100 sf

Thursday, May 24, 2007

#20: The Stars My Destination (1956) by Alfred Bester

“This was a Golden Age, a time of high adventure, rich living, and hard dying…but nobody thought so. This was a future of fortune and theft, pillage and rapine, culture and vice…but nobody admitted it. This was an age of extremes, a fascinating century of freaks…but nobody loved it.”


The Stars My Destination is generally considered the sf The Count of Monte Cristo. The main character, Gully Foyle, is a directionless sailor who spends time in prison and escapes with the help of a fellow inmate, with riches near on the horizon. Not too unlike Edmond Dantes. Foyle is also driven by revenge. While left trapped on the merchant starship "Nomad" at the beginning of the novel, Foyle signals for help from a passing vessel, "Vorga." But "Vorga" leaves him to die, and Foyle finds something to live for…revenge. Foyle’s escapades accelerate from there. He spends time with a tribal group living on an asteroid, plans a terrorist bombing, takes on the identity of an upperclass dandy, and even trades in those dreaded weapons of mass destruction. Literarily pulpy, this novel is perhaps Bester at his best.


Last time we left Alfred Bester, he was writing about the skills of the mind. And so TSMD begins. The landscape of human civilization was radically changed years in the past by a skill called jaunting. To jaunte is to travel from one point to another instantly, purely by thought. The ability was first discovered by Charles Fort Jaunte, and many of the early practitioners died while attempting it. But once the general populace gained the skill, all shit broke loose. The poor began jaunting out of slums, thieves jaunted into anything they could, the ruling class turned to sexual Puritanism, and security lost its meaning. By Foyle’s time, civilization has come to a relative calm again. But things are strange. For instance, the rich show their wealth by not jaunting—resorting to expensive bicycles before doing something so beneath them. The rich also keep their daughters locked in blind rooms that ensure no contact with the outside world. Purity. Virginity. Fascinating stuff.



Bester also takes a page from Golding and describes a tribal group of humans. Gully’s first stop on his revenge trip is an asteroid inhabited by the descendents of a stranded scientific research team. Calling themselves the “Scientific People,” they speak an odd dialect, tattoo themselves with elaborate Maori masks, and line the interior of the asteroid with parts scavenged from abandoned, wreaked, and lost space vessels.
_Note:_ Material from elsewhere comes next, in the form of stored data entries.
(* If $\pi\in\mathcal A_n$ and $\sigma\in\mathcal A_m$, then $\pi[\sigma]\in\mathcal A_{n+m-1}$.
   Context: $\mathcal A_{n}$ is the set of permutations $w\in S_{n}$ (one-line notation $w_1\cdots w_n$) avoiding all six vincular patterns below, where $w$ contains - $\underline{32}\,\underline{41}$ if there are $i,j$ with $i+2\le j\le n-1$ and $w_{j+1}<w_{i+1}<w_i<w_j$; - $\underline{14}\,\underline{23}$ if there are such $i,j$ with $w_i<w_j<w_{j+1}<w_{i+1}$; - $\underline{41}\,\underline{32}$ if there are such $i,j$ with $w_{i+1}<w_{j+1}<w_j<w_i$; - $\underline{23}\,\underline{14}$ if there are such $i,j$ with $w_j<w_i<w_{i+1}<w_{j+1}$; - $\underline{23}\,\underline{1}$ if there is $i$ with $i+1\le n-1$ and $w_n<w_i<w_{i+1}$; - $\underline{1}\,\underline{32}$ if there is $j$ with $2\le j\le n-1$ and $w_1<w_{j+1}<w_j$. Inflation at $1$: for $\pi\in S_n$ with $\pi_r=1$ and $\sigma=\sigma_1\cdots\sigma_m\in S_m$, $\pi[\sigma]\in S_{n+m-1}$ is the permutation obtained by replacing the entry $1$ of $\pi$ by the block $\sigma_1\cdots\sigma_m$ and adding $m-1$ to every other entry: $\pi[\sigma]=(\pi_1+m-1)\cdots(\pi_{r-1}+m-1)\,\sigma_1\cdots\sigma_m\,(\pi_{r+1}+m-1)\cdots(\pi_n+m-1)$. E.g. $213[1342]=513426$. *)

theory Defs
  imports Main
begin

(* Permutations of {1..n} in one-line notation, as lists w = [w_1,...,w_n].
   List index k (0-based) corresponds to position k+1 (1-based). *)
definition is_perm :: "nat \<Rightarrow> nat list \<Rightarrow> bool" where
  "is_perm n w \<longleftrightarrow> length w = n \<and> distinct w \<and> set w = {1..n}"

(* vincular pattern containment; indices are 0-based: a = i-1, b = j-1 *)
definition contains_3241 :: "nat list \<Rightarrow> bool" where
  "contains_3241 w \<longleftrightarrow> (\<exists>a b. a + 2 \<le> b \<and> b + 1 < length w \<and>
      w!(b+1) < w!(a+1) \<and> w!(a+1) < w!a \<and> w!a < w!b)"

definition contains_1423 :: "nat list \<Rightarrow> bool" where
  "contains_1423 w \<longleftrightarrow> (\<exists>a b. a + 2 \<le> b \<and> b + 1 < length w \<and>
      w!a < w!b \<and> w!b < w!(b+1) \<and> w!(b+1) < w!(a+1))"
Foyle makes more than one visit to this strange asteroid during the course of the novel, and his sense of what these people are changes with every visit. Bester also describes a group of neo-Skoptsy. And they’re frightening. Instead of just settling for castration like their Russian cousins, these Skoptsy sever their central nervous system in a belief that sensation itself is the root of all evil. They spend the rest of their lives living in eternally dark catacombs on Mars, never again seeing, hearing, smelling, tasting, or touching. Gully Foyle calls them “the living dead.”


In the end, Bester seems to be looking towards the next stage in humanity in TSMD. Beyond rocketships and moon dreams, what does it really mean to have the stars as a destination. Gully Foyle finds out.

Poor Me


I set out to read a book a week on this project. It went well until I wanted to…I don’t know…read anything else, see a movie, get some sleep, make dinner, work in the yard, go for a bike ride, travel, etc. It’s looking like one a month is more reasonable for the foreseeable future. I hope to bump that up to two. Track me. I dare you!